Slow Booth Traffic? Tried and Tested Tips and Tricks to Engage Customers

Regardless of industry, trade shows are some of the most lucrative opportunities for any business owner that’s interested in staying on top of the latest developments in their respective niches. As a part of a trade show or exhibit, business owners and marketing executives all have the capacity to showcase their products and gain valuable insights into how competitors operate their business. Furthermore, it also gives them the chance to strengthen existing relations. However, all the endless benefits of a trade show are lost when you get nothing but slow booth traffic — or worse, no traffic at all. What’s the point of having spent so much time, money and energy in a venture that results in no additional leads for business growth?

While most people would probably blame slow booth traffic, it’s often the business owners that fail to capitalize on the opportunity to build new relationships with their target audiences. Here we have put together a list of tried-and-tested trade show tips for exhibitors that want to successfully engage their customers.

Cash in on the Visual Appeal

There’s a majority of marketers who understand the value of visual appeal when putting together a trade show booth.

Unfortunately, most of them fail to put their knowledge to use with lackluster (read: boring) booths that are highly uninviting.

Trade show booths are your opportunity to rope in a customer at first glance – provided you use the right tools. At a trade show, everything from the table and chair covers to the banners and the stands is a chance to advertise your product. You just have to do it in such a way that it appears attractive instead of gaudy. To ensure a sleek trade show presence, opt for a custom pop up display and set up. A great option is the Create Your Own Design feature that allows you to create, from scratch, a beautiful trade show setup to your specifications.

Focus on Approachability

While the visual appeal counts for a lot when attracting customers to your booth and preventing slow booth traffic, it’s your stance and the approachability of the people available at your trade booth that help convert a potential lead into a real one.

If your booth is set up nice and bright, but is mostly empty with only a single bored salesperson and the owner sitting somewhere nearby, it will not appear too inviting. Be sure to have several friendly and approachable people manage your trade show booth. You’ll want to have those that won’t hesitate to engage the customer in conversation and draw them in.

Skip the Monologues

Of all the trade show marketing tips, this is one of the most important ones. Having established the need for an approachable staff on hand to converse with the audience, it’s important to emphasize on the need for your representatives to skip the monologues: they just slow your booth traffic. While it can be beneficial to know your company’s policy, products and services by heart, it’s certainly not beneficial to launch into a boring monologue as soon as a customer approaches — it’s more effective in driving them away than in retaining their attention. Instead, opt for a normal conversation that draws in the customer.

Keep It Personal

Another reason why the monologues are not such a fantastic trade show idea is because they are completely impersonal. There’s no chance of establishing connectivity through a common ground when rambling on with a memorized monologue.

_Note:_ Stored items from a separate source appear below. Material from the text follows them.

text \<open>Write \<open>u = f(\<gamma>(0))\<close> and \<open>E = I - u w\<^sup>T\<close>, so that \<open>Q(t) = X(t) E X(t)\<^sup>-\<^sup>1\<close>.
  Differentiating \<open>f \<circ> \<gamma>\<close> shows that it solves the variational equation, hence
  \<open>X(t) u = f(\<gamma>(t))\<close> and by periodicity \<open>u\<close> lies in the kernel of the monodromy
  \<open>M = X(1) - I = \<Gamma>(0)\<close>. As \<open>M\<close> is bijective on \<open>Im E\<close> but not on the whole space,
  \<open>E\<close> is a genuine rank-one projection, \<open>w \<bullet> u = 1\<close>, and \<open>Im E\<close> is the hyperplane
  \<open>w\<^sup>\<bottom>\<close>. Smoothness of \<open>Q\<close> follows since \<open>X\<close> solves a linear equation with smooth
  coefficients and \<open>X\<^sup>-\<^sup>1\<close> is smooth by Cramer's rule.

  For uniqueness, a family \<open>P\<close> with the stated properties is \<open>X(t) P(0) X(t)\<^sup>-\<^sup>1\<close>, and
  \<open>P(0)\<close> commutes with \<open>M\<close> by periodicity. Injectivity of \<open>M\<close> on \<open>Im P(0)\<close> forces
  \<open>P(0) u = 0\<close>; moreover \<open>Im P(0) \<subseteq> Im M \<subseteq> Im E\<close>, and equal dimensions give
  \<open>Im P(0) = Im E\<close>. A projection is determined by its image and kernel, so \<open>P(0) = E\<close>.\<close>

section \<open>Curves with \<open>k\<close> derivatives\<close>

text \<open>Continuity of the \<open>k\<close>-th derivative
  is not demanded; this is harmless as only \<open>\<forall>k. Ck k g\<close> is ever concluded.\<close>

fun Ck :: "nat \<Rightarrow> (real \<Rightarrow> 'b::real_normed_vector) \<Rightarrow> bool" where
  "Ck 0 g \<longleftrightarrow> True"
| "Ck (Suc k) g \<longleftrightarrow> (\<forall>t. g differentiable at t) \<and> Ck k (\<lambda>t. vector_derivative g (at t))"
lemma key_estimate:
  assumes F: "finite F" and X: "X \<subseteq> F" and \<phi>: "\<And>x. 0 \<le> \<phi> x" "\<And>x. \<phi> x \<le> 1"
    and supp: "\<And>x. \<phi> x \<noteq> 0 \<Longrightarrow> x \<in> F \<and> nbrs mu x \<subseteq> F"
    and Xcov: "\<And>x y. adj mu x y \<Longrightarrow> \<phi> y < \<phi> x \<Longrightarrow> x \<in> X"
    and t: "0 < t" "t \<le> 1" and s: "1 \<le> s"
    and par: "0 < \<alpha>" "0 < \<beta>" "0 < \<gamma>" "\<alpha> + \<beta> + \<gamma> = 1"
      "p * \<alpha> - t * \<alpha> - (1 + t) * \<beta> = - t" "q * \<alpha> + m * \<beta> = m - 1" "1 \<le> s * \<gamma>" "lam * \<gamma> = 1"
  shows "weighted_source t s \<phi> F
    \<le> (cross_const s * weighted_source t s \<phi> X powr \<alpha> * cutoff_energy \<phi> lam F powr \<gamma>
        * gradient_const t powr (-\<beta>)) powr (1 / (1 - \<beta>))"
proof -
  have "weighted_source t s \<phi> F + gradient_const t * gradient_mass t s \<phi> F
      \<le> cross_const s * cross_sum t s \<phi> F"
    by (rule caccioppoli_estimate[where \<phi> = \<phi>, OF F \<phi> supp t s])
  also have "\<dots> \<le> cross_const s * (weighted_source t s \<phi> X powr \<alpha> * gradient_mass t s \<phi> F powr \<beta>
      * cutoff_energy \<phi> lam F powr \<gamma>)"
    using cross_sum_le[where \<phi> = \<phi>, OF F X \<phi> Xcov par] cross_const_nonneg s by (intro mult_left_mono) auto
  also have "\<dots> = (cross_const s * weighted_source t s \<phi> X powr \<alpha> * cutoff_energy \<phi> lam F powr \<gamma>)
      * gradient_mass t s \<phi> F powr \<beta>"
    by (simp add: mult_ac)
  finally show ?thesis
    using par s cross_const_nonneg[of s]
    by (intro absorb_powr_le[OF weighted_source_nonneg gradient_mass_nonneg gradient_const_pos[OF t(1)]])
       auto
qed

end

section \<open>Volume growth and the energy of radial cut-offs\<close>

context rooted_graph
begin

definition out_weight :: "'v \<Rightarrow> real" where
  "out_weight x = (\<Sum>y\<in>nbrs mu x. if r x < r y then mu x y else 0)"

definition level_weight :: "nat \<Rightarrow> real" where
  "level_weight k = (\<Sum>x\<in>{x. x \<in> B k \<and> r x = k}. out_weight x)"

lemma out_weight_nonneg: "0 \<le> out_weight x"
  unfolding out_weight_def by (intro sum_nonneg) (simp add: mu_nonneg)

lemma level_weight_nonneg: "0 \<le> level_weight k"
  unfolding level_weight_def by (intro sum_nonneg) (simp add: out_weight_nonneg)

lemma sum_B_by_level: "(\<Sum>x\<in>B j. out_weight x * h (r x)) = (\<Sum>k\<le>j. level_weight k * h k)"
proof -
  have "(\<Sum>x\<in>B j. out_weight x * h (r x)) = (\<Sum>k\<le>j. \<Sum>x\<in>{x. x \<in> B j \<and> r x = k}. out_weight x * h (r x))"
    using finite_B by (intro sum.group[symmetric]) (auto simp: mem_B_iff)
  also have "\<dots> = (\<Sum>k\<le>j. level_weight k * h k)"
  proof (intro sum.cong refl)
    fix k assume "k \<in> {..j}"
    then have "{x. x \<in> B j \<and> r x = k} = {x. x \<in> B k \<and> r x = k}" by (auto simp: mem_B_iff)
    then show "(\<Sum>x\<in>{x. x \<in> B j \<and> r x = k}. out_weight x * h (r x)) = level_weight k * h k"
      by (simp add: level_weight_def sum_distrib_right)
  qed
  finally show ?thesis .
qed

lemma W_eq_sum_level_weight: "W mu x0 n = (\<Sum>k\<le>n. level_weight k)"
proof -
  have "{(x, y). x \<in> gball mu x0 n \<and> adj mu x y \<and> gdist mu x0 x < gdist mu x0 y}
      = (SIGMA x:B n. {y \<in> nbrs mu x. r x < r y})"
    by (auto simp: B_def r_def nbrs_iff)
  then have "W mu x0 n = (\<Sum>(x, y)\<in>(SIGMA x:B n. {y \<in> nbrs mu x. r x < r y}). mu x y)"
    unfolding W_def by simp
  also have "\<dots> = (\<Sum>x\<in>B n. \<Sum>y\<in>{y \<in> nbrs mu x. r x < r y}. mu x y)"
    using finite_B finite_nbrs by (subst sum.Sigma) auto
  also have "\<dots> = (\<Sum>x\<in>B n. out_weight x * 1)"
    unfolding out_weight_def using finite_nbrs by (intro sum.cong[OF refl]) (simp add: sum.inter_filter)
  also have "\<dots> = (\<Sum>k\<le>n. level_weight k * 1)"
    by (rule sum_B_by_level)
  finally show ?thesis by simp
qed

lemma radial_energy_le:
  fixes \<psi> :: "nat \<Rightarrow> real"
  assumes mono: "\<And>k. \<psi> (Suc k) \<le> \<psi> k"
  shows "(\<Sum>x\<in>B N. \<Sum>y\<in>B N. if \<psi> (r y) < \<psi> (r x) then mu x y * (\<psi> (r x) - \<psi> (r y)) powr lam else 0)
    \<le> (\<Sum>k\<in>{..N}. level_weight k * (\<psi> k - \<psi> (Suc k)) powr lam)"
proof -
  have monok: "\<psi> j \<le> \<psi> i" if "i \<le> j" for i j
    using that by (induction j) (auto intro: order_trans[OF mono] simp: le_Suc_eq)
  have "(\<Sum>x\<in>B N. \<Sum>y\<in>B N. if \<psi> (r y) < \<psi> (r x) then mu x y * (\<psi> (r x) - \<psi> (r y)) powr lam else 0)
      \<le> (\<Sum>x\<in>B N. out_weight x * (\<psi> (r x) - \<psi> (Suc (r x))) powr lam)"
  proof (intro sum_mono)
    fix x
    define dd where "dd = (\<psi> (r x) - \<psi> (Suc (r x))) powr lam"
    have dd: "0 \<le> dd" by (simp add: dd_def)
    have "(\<Sum>y\<in>B N. if \<psi> (r y) < \<psi> (r x) then mu x y * (\<psi> (r x) - \<psi> (r y)) powr lam else 0)
        \<le> (\<Sum>y\<in>B N. (if r x < r y then mu x y else 0) * dd)"
    proof (intro sum_mono)
      fix y
      show "(if \<psi> (r y) < \<psi> (r x) then mu x y * (\<psi> (r x) - \<psi> (r y)) powr lam else 0)
          \<le> (if r x < r y then mu x y else 0) * dd"
      proof (cases "adj mu x y \<and> \<psi> (r y) < \<psi> (r x)")
        case True
        then have "r x < r y" using monok[of "r y" "r x"] by (cases "r y \<le> r x") auto
        then have "r y = Suc (r x)" using r_adj_le[of x y] True by simp
        then show ?thesis using True \<open>r x < r y\<close> by (simp add: dd_def)
      next
        case False
        then show ?thesis using dd mu_nonneg[of x y] by (auto simp: adj_iff)
      qed
    qed
    also have "\<dots> = (\<Sum>y\<in>B N. if r x < r y then mu x y else 0) * dd" by (simp add: sum_distrib_right)
    also have "\<dots> \<le> out_weight x * dd"
    proof (intro mult_right_mono dd)
      have "(\<Sum>y\<in>B N. if r x < r y then mu x y else 0)
          = (\<Sum>y\<in>B N \<inter> nbrs mu x. if r x < r y then mu x y else 0)"
        using finite_B by (intro sum.mono_neutral_right) (auto simp: nbrs_iff adj_iff)
      also have "\<dots> \<le> out_weight x"
        unfolding out_weight_def using finite_nbrs by (intro sum_mono2) (auto simp: mu_nonneg)
      finally show "(\<Sum>y\<in>B N. if r x < r y then mu x y else 0) \<le> out_weight x" .
    qed
    finally show "(\<Sum>y\<in>B N. if \<psi> (r y) < \<psi> (r x) then mu x y * (\<psi> (r x) - \<psi> (r y)) powr lam else 0)
        \<le> out_weight x * (\<psi> (r x) - \<psi> (Suc (r x))) powr lam" by (simp add: dd_def)
  qed
  also have "\<dots> = (\<Sum>k\<in>{..N}. level_weight k * (\<psi> k - \<psi> (Suc k)) powr lam)"
    by (rule sum_B_by_level)
  finally show ?thesis .
qed

end

context rooted_graph
begin

lemma powr_neg_mult_W_le:
  fixes Cw \<gamma> \<delta> lam :: real
  assumes j: "3 \<le> j" "j \<le> n\<^sup>2" and Cw: "0 < Cw"
    and W_le: "W mu x0 j \<le> Cw * real j powr \<gamma> * ln (real j) powr \<delta>"
    and lam: "lam \<le> \<gamma>" and \<delta>: "0 \<le> \<delta>"
  shows "real j powr (-lam) * W mu x0 j \<le> Cw * real n powr (2 * (\<gamma> - lam)) * (2 * ln (real n)) powr \<delta>"
proof -
  have jpos: "3 \<le> real j" using j by simp
  have "0 < n" using j by (cases "n = 0") auto
  have jN: "real j \<le> real (n\<^sup>2)" using j by linarith
  then have lnj: "ln (real j) \<le> ln (real (n\<^sup>2))" using jpos \<open>0 < n\<close> by (subst ln_le_cancel_iff) auto
  have "real j powr (-lam) * W mu x0 j \<le> real j powr (-lam) * (Cw * real j powr \<gamma> * ln (real j) powr \<delta>)"
    using W_le by (intro mult_left_mono) auto
  also have "\<dots> = Cw * real j powr (\<gamma> - lam) * ln (real j) powr \<delta>"
    using jpos by (simp add: powr_diff powr_minus_divide field_simps)
  also have "\<dots> \<le> Cw * real (n\<^sup>2) powr (\<gamma> - lam) * ln (real (n\<^sup>2)) powr \<delta>"
    using jpos jN lnj lam \<delta> Cw by (intro mult_mono powr_mono2) auto
  also have "real n powr (2 * (\<gamma> - lam)) = (real n powr 2) powr (\<gamma> - lam)"
    by (rule powr_powr[symmetric])
  then have "Cw * real (n\<^sup>2) powr (\<gamma> - lam) * ln (real (n\<^sup>2)) powr \<delta>
      = Cw * real n powr (2 * (\<gamma> - lam)) * (2 * ln (real n)) powr \<delta>"
    using jpos jN by (simp add: powr_numeral ln_realpow)
  finally show ?thesis .
qed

Instead, it’s advisable to begin talking to a potential customer with questions that give you valuable insight into them as individuals, as well as prospective clients. It’s important to remember not all customers are alike, and the same features of your previous conversation will not necessarily fit with a new one. Once you do that, reciprocate with a personal anecdote that humanizes you and connects you to the business you are promoting. It’s not shameless advertising and it drives the point home.

One of the Best Trade Show Selling Tips – Have Freebies At Hand

Have you ever met anyone who doesn’t appreciate something that’s been given to them for free? We can’t say we have. Everyone appreciates freebies and you know that. Use that to effectively market your product.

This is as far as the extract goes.